**Assignment**: Return every line in the entries below where the word "assumes" shows up.

··· Extracted records

(* Let $G$ be a countable group, $\mu$ a probability measure on $G$, and $(X,\xi)$ a $(G,\mu)$-stationary space. Then the map \[ [2,\infty)\to[0,\infty),\qquad p\mapsto-p\log\langle\pi_{q,X}(\mu)1,1\rangle, \] where $q$ is the conjugate exponent of $p$, is increasing and bounded by $h_\mu(X,\xi)$. If in addition $\mu$ is non-degenerate, then \[ \lim_{p\to\infty}-p\log\langle\pi_{q,X}(\mu)1,1\rangle=h_\mu(X,\xi). \]
   Context: A $(G,\mu)$-stationary space is a standard probability space $(X,\xi)$ with a measurable non-singular $G$-action such that $\sum_s\mu(s)\xi(s^{-1}A)=\xi(A)$ for measurable $A$. Write $(s\xi)(A)=\xi(s^{-1}A)$ and $\rho(s,x)=\frac{d(s^{-1}\xi)}{d\xi}(x)$. For $1\le r<\infty$, the $L^r$-Koopman representation is $[\pi_{r,X}(s)f](x)=\big[\frac{d(s\xi)}{d\xi}(x)\big]^{1/r}f(s^{-1}x)$ on $L^r(X,\xi)$, and $\pi_{r,X}(\mu)=\sum_s\mu(s)\pi_{r,X}(s)$. The pairing is $\langle f,g\rangle=\int f\bar g\,d\xi$; one has $\langle\pi_{q,X}(\mu)1,1\rangle=\sum_s\mu(s)\int_X\rho(s,x)^{1/p}d\xi(x)$. The Furstenberg entropy is $h_\mu(X,\xi)=-\sum_s\mu(s)\int_X\log\rho(s,x)d\xi(x)$. $\mu$ is non-degenerate if its support generates $G$ as a semigroup. *)

theory Defs
  imports "HOL-Probability.Probability"
begin

text \<open>Groups are written additively via the type class group_add (not assumed
commutative): the identity is 0, the product s t is s + t, the inverse of s is - s.\<close>

definition group_action :: "'x measure \<Rightarrow> ('g::group_add \<Rightarrow> 'x \<Rightarrow> 'x) \<Rightarrow> bool" where
  "group_action M act \<longleftrightarrow>
     (\<forall>x\<in>space M. act 0 x = x) \<and>
     (\<forall>s t. \<forall>x\<in>space M. act (s + t) x = act s (act t x)) \<and>
     (\<forall>s. act s \<in> measurable M M)"

definition push :: "'x measure \<Rightarrow> ('g \<Rightarrow> 'x \<Rightarrow> 'x) \<Rightarrow> 'g \<Rightarrow> 'x measure" where
  "push M act s = distr M M (act s)"

definition nonsingular_action :: "'x measure \<Rightarrow> ('g::group_add \<Rightarrow> 'x \<Rightarrow> 'x) \<Rightarrow> bool" where
  "nonsingular_action M act \<longleftrightarrow>
     group_action M act \<and>
     (\<forall>s. absolutely_continuous M (push M act s) \<and> absolutely_continuous (push M act s) M)"

definition standard_prob_space :: "'x::polish_space measure \<Rightarrow> bool" where
  "standard_prob_space M \<longleftrightarrow> prob_space M \<and> sets M = sets (borel :: 'x measure)"

definition stationary_space ::
    "'g::{group_add,countable} pmf \<Rightarrow> 'x::polish_space measure \<Rightarrow> ('g \<Rightarrow> 'x \<Rightarrow> 'x) \<Rightarrow> bool" where
  "stationary_space \<mu> M act \<longleftrightarrow>
     standard_prob_space M \<and> nonsingular_action M act \<and>
     (\<forall>A\<in>sets M. (\<integral>s. measure M (act s -` A \<inter> space M) \<partial>measure_pmf \<mu>) = measure M A)"

definition rho :: "'x measure \<Rightarrow> ('g::group_add \<Rightarrow> 'x \<Rightarrow> 'x) \<Rightarrow> 'g \<Rightarrow> 'x \<Rightarrow> real" where
  "rho M act s x = enn2real (RN_deriv M (push M act (- s)) x)"

definition koopman :: "'x measure \<Rightarrow> ('g::group_add \<Rightarrow> 'x \<Rightarrow> 'x) \<Rightarrow> real \<Rightarrow> 'g \<Rightarrow> ('x \<Rightarrow> real) \<Rightarrow> 'x \<Rightarrow> real" where
  "koopman M act r s f x = (enn2real (RN_deriv M (push M act s) x)) powr (1 / r) * f (act (- s) x)"

definition koopman_mu :: "'g::group_add pmf \<Rightarrow> 'x measure \<Rightarrow> ('g \<Rightarrow> 'x \<Rightarrow> 'x) \<Rightarrow> real \<Rightarrow> ('x \<Rightarrow> real) \<Rightarrow> 'x \<Rightarrow> real" where
  "koopman_mu \<mu> M act r f x = (\<integral>s. koopman M act r s f x \<partial>measure_pmf \<mu>)"

text \<open>The pairing <f,g> = integral of f * conj g (real-valued functions here).\<close>
definition pairing :: "'x measure \<Rightarrow> ('x \<Rightarrow> real) \<Rightarrow> ('x \<Rightarrow> real) \<Rightarrow> real" where
  "pairing M f g = (\<integral>x. f x * g x \<partial>M)"

text \<open>Furstenberg entropy h = - sum_s mu(s) int log rho(s,x) d xi(x), as an extended real
  (Lebesgue integral of positive part minus negative part of -log rho over mu x xi).\<close>
definition furstenberg_entropy :: "'g::group_add pmf \<Rightarrow> 'x measure \<Rightarrow> ('g \<Rightarrow> 'x \<Rightarrow> 'x) \<Rightarrow> ereal" where
  "furstenberg_entropy \<mu> M act =
     enn2ereal (\<integral>\<^sup>+s. (\<integral>\<^sup>+x. ennreal (- ln (rho M act s x)) \<partial>M) \<partial>measure_pmf \<mu>)
   - enn2ereal (\<integral>\<^sup>+s. (\<integral>\<^sup>+x. ennreal (ln (rho M act s x)) \<partial>M) \<partial>measure_pmf \<mu>)"

inductive_set semigroup_generated :: "'g::plus set \<Rightarrow> 'g set" for S where
  base: "s \<in> S \<Longrightarrow> s \<in> semigroup_generated S"
| plus: "a \<in> semigroup_generated S \<Longrightarrow> b \<in> semigroup_generated S \<Longrightarrow> a + b \<in> semigroup_generated S"

definition nondegenerate :: "'g::group_add pmf \<Rightarrow> bool" where
  "nondegenerate \<mu> \<longleftrightarrow> semigroup_generated (set_pmf \<mu>) = UNIV"

end

theory Submission
  imports Defs "HOL-Real_Asymp.Real_Asymp"
begin

text \<open>Put \<open>Y(s, x) = \<rho>(s, x)\<close> on \<open>\<mu> \<times> \<xi>\<close>: a positive function of mean one. Changing variables
  along the action, \<open>\<langle>\<pi>\<^sub>q(\<mu>) 1, 1\<rangle> = E[Y\<^bsup>1/p\<^esup>]\<close> and \<open>h\<^sub>\<mu> = E[Y - 1 - ln Y]\<close>, so everything is
  about one random variable. Lyapunov's inequality makes \<open>-p ln E[Y\<^bsup>1/p\<^esup>]\<close> non-decreasing,
  Jensen's inequality for \<open>exp\<close> bounds it by \<open>E[-ln Y]\<close>, and since
  \<open>p (1 - Y\<^bsup>1/p\<^esup>) - (1 - Y)\<close> increases to \<open>Y - 1 - ln Y\<close>, monotone convergence together
  with \<open>ln x \<le> x - 1\<close> gives the limit.\<close>

lemma powr_le_1_plus_self:
  fixes y t :: real
  assumes "0 \<le> y" "0 < t" "t \<le> 1"
  shows "y powr t \<le> 1 + y"
proof (cases "y \<le> 1")
  case True
  then have "y powr t \<le> 1 powr t" using assms by (intro powr_mono2) auto
  then show ?thesis using assms by simp
next
  case False
  then have "y powr t \<le> y powr 1" using assms by (intro powr_mono) auto
  then show ?thesis using False by simp
qed

lemma exp_mult_diff_quotient_mono:
  fixes L s t :: real
  assumes "0 < s" "s \<le> t"
  shows "(exp (s * L) - 1) / s \<le> (exp (t * L) - 1) / t"
proof -
  define u where "u = s / t"
  have u: "0 < u" "u \<le> 1" "u * (t * L) = s * L" using assms by (auto simp: u_def)
  have "exp ((1 - u) * 0 + u * (t * L)) \<le> (1 - u) * exp 0 + u * exp (t * L)"
    using convex_onD[OF exp_convex, of u 0 "t * L"] u(1,2) by auto
  then have "exp (s * L) \<le> (1 - u) + u * exp (t * L)" using u(3) by simp
  then have "exp (s * L) - 1 \<le> u * (exp (t * L) - 1)" by (simp add: algebra_simps)
  then show ?thesis using assms by (simp add: u_def field_simps)
qed

lemma mult_1_minus_powr_inverse_mono:
  fixes y a b :: real
  assumes "0 < y" "0 < a" "a \<le> b"
  shows "a * (1 - y powr (1 / a)) \<le> b * (1 - y powr (1 / b))"
proof -
  have "(exp (1 / b * ln y) - 1) / (1 / b) \<le> (exp (1 / a * ln y) - 1) / (1 / a)"
    using assms by (intro exp_mult_diff_quotient_mono) (auto simp: field_simps)
  then show ?thesis using assms by (simp add: powr_def algebra_simps)
qed

lemma powr_1_minus_eq_mult_inverse_powr:
  fixes r t :: real
  assumes "0 \<le> r"
  shows "r powr (1 - t) = r * (1 / r) powr t"
  using assms by (cases "r = 0") (simp_all add: powr_diff powr_divide field_simps)

lemma ennreal_minus_ln_add_self:
  fixes y :: real
  assumes "0 < y"
  shows "ennreal (- ln y) + ennreal y = ennreal (y - 1 - ln y) + 1 + ennreal (ln y)"
proof -
  have l: "ln y \<le> y - 1" using ln_le_minus_one assms by auto
  show ?thesis
  proof (cases "0 \<le> ln y")
    case True
    have "ennreal y = ennreal ((y - 1 - ln y) + 1 + ln y)" by simp
    also have "\<dots> = ennreal (y - 1 - ln y) + 1 + ennreal (ln y)"
      using l True by (simp only: ennreal_plus add_nonneg_nonneg diff_ge_0_iff_ge ennreal_1)
    finally show ?thesis using True by (simp add: ennreal_neg)
  next
    case False
    have "ennreal (- ln y) + ennreal y = ennreal ((y - 1 - ln y) + 1)"
      using False assms by (simp add: ennreal_plus[symmetric] del: ennreal_plus)
    also have "\<dots> = ennreal (y - 1 - ln y) + 1"
      using l by (simp only: ennreal_plus diff_ge_0_iff_ge zero_le_one ennreal_1)
    finally show ?thesis using False by (simp add: ennreal_neg)
  qed
qed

······

**Written reply**:
  assumes "0 \<le> y" "0 < t" "t \<le> 1"
  assumes "0 < s" "s \<le> t"
  assumes "0 < y" "0 < a" "a \<le> b"
  assumes "0 \<le> r"
  assumes "0 < y"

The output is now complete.